Wisconsin surpasses national averages on 'nation's report card'
Wisconsin 4th and 8th graders scored above national averages in math and reading in the 2005 National Assessment of Educational Progress survey of student achievement released Wednesday (October 19, 2005).
Fourth graders earned an average score of 241 in math, compared to the national average of 237 – an improvement from 2003 when Wisconsin's average score was 237. Eighth graders scored 285 in math – the same as 2003 – compared to the national average of 278.
In reading, 4th graders scored 221, compared to 217 for the national average. Eighth graders scored 266, compared to 260 nationally. Both grades' scores for reading were the same in 2003.
The NAEP is a small sampling assessment, popularly called "the nation's report card," designed to provide a snapshot of student achievement. The assessment is part of the Elementary and Secondary Education Act (ESEA) of 1965, which was reauthorized in 2002 as the so-called “No Child Left Behind” act, which requires national and state NAEP assessments at least every two years in reading and mathematics, at grades 4 and 8.

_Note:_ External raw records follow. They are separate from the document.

section \<open>First-order conditions\<close>

lemma has_derivative_ge_of_lower_bound:
  fixes f :: "'a::real_normed_vector \<Rightarrow> real"
  assumes df: "(f has_derivative f') (at x)" and "0 < e"
    and low: "\<And>t. 0 < t \<Longrightarrow> t \<le> e \<Longrightarrow> c * t - K * t\<^sup>2 \<le> f (x + t *\<^sub>R d) - f x"
  shows "c \<le> f' d"
proof -
  have line: "((\<lambda>t::real. x + t *\<^sub>R d) has_derivative (\<lambda>t. t *\<^sub>R d)) (at 0)"
    by (auto intro!: derivative_eq_intros)
  have "((\<lambda>t. f (x + t *\<^sub>R d)) has_derivative (\<lambda>t. f' (t *\<^sub>R d))) (at 0)"
    using has_derivative_compose[OF line, of f f'] df by simp
  moreover have "(\<lambda>t. f' (t *\<^sub>R d)) = (*) (f' d)"
    using linear_scale[OF has_derivative_linear[OF df]] by (auto simp: fun_eq_iff)
  ultimately have "((\<lambda>t. f (x + t *\<^sub>R d)) has_field_derivative f' d) (at 0)"
    by (simp add: has_field_derivative_def)
  then have "((\<lambda>t. (f (x + t *\<^sub>R d) - f x) / t) \<longlongrightarrow> f' d) (at_right 0)"
    unfolding DERIV_def filterlim_at_split by simp
  moreover have "((\<lambda>t::real. c - K * t) \<longlongrightarrow> c - K * 0) (at_right 0)"
    by (intro tendsto_intros)
  moreover have "eventually (\<lambda>t. c - K * t \<le> (f (x + t *\<^sub>R d) - f x) / t) (at_right 0)"
    unfolding eventually_at_right_field
  proof (intro exI[of _ e] conjI allI impI)
    fix t :: real assume t: "0 < t" "t < e"
    then have "(c - K * t) * t \<le> f (x + t *\<^sub>R d) - f x"
      using low[of t] by (simp add: algebra_simps power2_eq_square)
    then show "c - K * t \<le> (f (x + t *\<^sub>R d) - f x) / t"
      using t by (simp add: pos_le_divide_eq)
  qed (fact \<open>0 < e\<close>)
  ultimately show ?thesis
    using tendsto_le[OF trivial_limit_at_right_real] by simp
qed

text \<open>The sum rule \<open>\<partial>(f + \<sigma>\<^sub>D)(x) = \<nabla>f(x) + \<partial>\<sigma>\<^sub>D(x)\<close> combined with
  \<open>\<partial>\<sigma>\<^sub>D(x) = {w \<in> D. x \<in> N\<^sub>D(w)}\<close>; both are read off from difference quotients of \<open>f\<close>.\<close>
lemma subdiff_smooth_plus_support_fun:
  fixes D :: "'a::euclidean_space set" and f :: "'a \<Rightarrow> real"
  assumes D: "D \<noteq> {}" "closed D" "convex D"
    and df: "(f has_derivative (\<lambda>u. inner gf u)) (at x)"
    and h: "\<And>y. h y = ereal (f y) + support_fun D y"
    and g: "g \<in> subdiff h x"
  shows "g - gf \<in> D" "x \<in> normal_cone D (g - gf)"
proof -
  have fin: "\<bar>h x\<bar> \<noteq> \<infinity>" and sub: "\<And>y. h x + ereal (inner g (y - x)) \<le> h y"
    using g by (auto simp: subdiff_def split: if_splits)
  obtain sx where sx: "support_fun D x = ereal sx"
    using fin h[of x] support_fun_neq_MInfty[OF D(1), of x] by (cases "support_fun D x") auto
  have step: "(inner g d - s) * t \<le> f (x + t *\<^sub>R d) - f x"
    if "support_fun D (x + t *\<^sub>R d) \<le> ereal (sx + t * s)" for d t s
  proof -
    have "ereal (f x + sx + t * inner g d) \<le> h (x + t *\<^sub>R d)"
      using sub[of "x + t *\<^sub>R d"] h[of x] sx by simp
    also have "\<dots> \<le> ereal (f (x + t *\<^sub>R d)) + ereal (sx + t * s)"
      unfolding h by (rule add_left_mono[OF that])
    finally show ?thesis
      by (simp add: algebra_simps)
  qed
  have dual: "ereal (inner (g - gf) d) \<le> support_fun D d" for d
  proof (cases "support_fun D d")
    case (real s)
    have "inner g d - s \<le> inner gf d"
    proof (rule has_derivative_ge_of_lower_bound[OF df zero_less_one, where K = 0])
      fix t :: real assume t: "0 < t" "t \<le> 1"
      have "support_fun D (t *\<^sub>R d) \<le> ereal (t * s)"
        using support_fun_scaleR_le[of t D d] t real by simp
      then have "support_fun D (x + t *\<^sub>R d) \<le> ereal (sx + t * s)"
        using support_fun_add_le[of D x "t *\<^sub>R d"] sx
        by (metis add_left_mono order_trans plus_ereal.simps(1))
      then show "(inner g d - s) * t - 0 * t\<^sup>2 \<le> f (x + t *\<^sub>R d) - f x"
        using step by simp
    qed
    then show ?thesis
      using real by (simp add: inner_diff_left)
  qed (use support_fun_neq_MInfty[OF D(1)] in auto)
  show gD: "g - gf \<in> D"
  proof (rule ccontr)
    assume "g - gf \<notin> D"
    then obtain a where "support_fun D a < ereal (inner a (g - gf))"
      using support_fun_separation[OF D(2,3)] by blast
    with dual[of a] show False
      by (simp add: inner_commute)
  qed
  have "sx - inner g x \<le> inner gf (-x)"
  proof (rule has_derivative_ge_of_lower_bound[OF df zero_less_one, where K = 0])
    fix t :: real assume t: "0 < t" "t \<le> 1"
    have "x + t *\<^sub>R (-x) = (1 - t) *\<^sub>R x"
      by (simp add: algebra_simps)
    then have "support_fun D (x + t *\<^sub>R (-x)) \<le> ereal (sx + t * (- sx))"
      using support_fun_scaleR_le[of "1 - t" D x] t sx by (simp add: algebra_simps)
    from step[OF this] show "(sx - inner g x) * t - 0 * t\<^sup>2 \<le> f (x + t *\<^sub>R (-x)) - f x"
      by (simp add: algebra_simps)
  qed
  moreover have "inner x (g - gf) = inner g x - inner gf x"
    by (simp add: inner_diff_right inner_commute)
  ultimately have "inner x u \<le> inner x (g - gf)" if "u \<in> D" for u
    using support_fun_upper[OF that, of x] sx by (simp add: inner_commute)
  then show "x \<in> normal_cone D (g - gf)"
    using gD by (simp add: mem_normal_cone inner_diff_right)
qed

State Superintendent Elizabeth Burmaster said the results are "solid," but she is concerned about the state's high poverty rate.
"In the past two year, Wisconsin had the highest growth rate in poverty of all 50 states," Burmaster said. "Our schools are experiencing the highest levels of poverty in more than a decade, with 14% of Wisconsin's children coming from economically disadvantaged families. We know poverty is a challenge to student achievement."
The survey also shows a racial achievement gap. The state's Asian, Pacific Islander, African American and Hispanic students trailed white students' scores in both reading and math.
The Milwaukee Teachers' Education Association and the National Education Association are helping bridge the achievement gap for economically disadvantaged and minority students in Milwaukee with an NEA grant worth up to $2.5 million.
The NEA grant, announced in September, comes with an expectation that the gaps will be reduced each year as a result of improved teacher and staff training, better planning and more materials. It provides $500,000 per year for up to five years to a union-district partnership.